В течение всего долгого и все более мрачного путешествия мы, не создавая лишнего шума, сидели в трясущемся экипаже. Я была чересчур ошеломлена отнявшими у меня все силы событиями этого дня, чтобы задавать вопросы касательно нашего пункта назначения, или дальнейших планов, а Шадрейк не проявлял никакого желания рассказывать о них. Он одну за другой откупоривал бутылки с амасеком и смолил бесчисленные папиросы с лхо, болтая и хихикая с Лукреей, словно они были на вечеринке. Он лишь сказал, что герб на дверце принадлежал семейству его покровителя, что они из милости одолжили ему эту машину, и что теперь мы отправляемся в их имение, чтобы укрыться там. Когда я спросила его о причинах такой щедрости, он сказал, что они должны ему гонорар за пару работ, и что он обещал им мой портрет. Они доверяют его вкусу в выборе моделей. Шадрейк назвал мне их имя — Каторз. Это древний род. Они мне точно понравятся.
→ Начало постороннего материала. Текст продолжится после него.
lemma d_odd_poly_of_term: "d_odd k (poly_of_term t) = poly_of_terms (d_odd_term k t)"
proof -
  obtain j i s c where t: "t = ((j, i, s), c)"
    by (cases t) auto
  have remove: "k \<notin> S \<and> insert k S = mask_set s \<longleftrightarrow> mask_mem k s \<and> S = mask_set (mask_remove k s)" for S
    by (auto simp: mask_set_remove)
  have "{x \<in> mask_set (mask_remove k s). x < k} = {x \<in> mask_set s. x < k}"
    by (auto simp: mask_set_remove)
  then have count: "card {x \<in> mask_set (mask_remove k s). x < k} = mask_count_below k s"
    by (simp only: card_mask_set_below)
  show ?thesis
  proof (rule ext, clarify)
    fix j' i' S
    show "d_odd k (poly_of_term t) (j', i', S) = poly_of_terms (d_odd_term k t) (j', i', S)"
      using remove[of S] count
      by (auto simp: t d_odd_term_def d_odd_def poly_of_terms_Nil poly_of_terms_single
          poly_of_term_apply pzero_def)
  qed
qed

lemma even_part_poly_of_term: "even_part (poly_of_term t) = poly_of_terms (even_part_term t)"
  by (cases t) (auto simp: even_part_term_def even_part_def fun_eq_iff poly_of_terms_Nil
      poly_of_terms_single poly_of_term_apply pzero_def card_mask_set)

lemma odd_part_poly_of_term: "odd_part (poly_of_term t) = poly_of_terms (odd_part_term t)"
  by (cases t) (auto simp: odd_part_term_def odd_part_def fun_eq_iff poly_of_terms_Nil
      poly_of_terms_single poly_of_term_apply pzero_def card_mask_set)

lemmas d_t_poly_of_terms = padditive_poly_of_terms[OF padditive_d_t d_t_poly_of_term]
lemmas d_tau_poly_of_terms = padditive_poly_of_terms[OF padditive_d_tau d_tau_poly_of_term]
lemmas d_odd_poly_of_terms = padditive_poly_of_terms[OF padditive_d_odd d_odd_poly_of_term]
lemmas even_part_poly_of_terms = padditive_poly_of_terms[OF padditive_even_part even_part_poly_of_term]
lemmas odd_part_poly_of_terms = padditive_poly_of_terms[OF padditive_odd_part odd_part_poly_of_term]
Я никогда не слышала этого имени.
Больше он ничего не сказал, и продолжал вести себя так, словно все происходящее было захватывающим приключением. Он пил. Лукрея хихикала и, аккомпанируя себе на виоле, мурлыкала дурацкие песенки. Лайтберн мрачно молчал, и только пару раз приложился к бутылке с амасеком.
Юдика сидел у окна, кутаясь в плащ, все еще дрожа и не отрывая взгляда от холодной черной водной глади, расстилавшейся снаружи.
Время от времени он кашлял. Я бы сказала, что он серьезно болен. Это был сухой кашель, и в его звуке я слышала нечто странное, похожее на статический треск радиопомех.
Шадрейк попытался сменить тему и спросил меня, что произошло в базилике. Я могла рассказать не так много. Чувствуя себя полностью обессиленной, я откинулась на спинку сидения, и позволила ровному покачиванию экипажа убаюкать меня.
Когда я проснулась, экипаж включил освещавшие дорогу лампы и теперь покачивался на темной дороге среди торфяных болот, под сенью огромных древних деревьев. Их кроны, казалось, были покрыты тенями, а не листвой. Впереди, в конце аллеи, виднелся окруженный могучими и темными старыми деревьями дом — внушительное каменное сооружение.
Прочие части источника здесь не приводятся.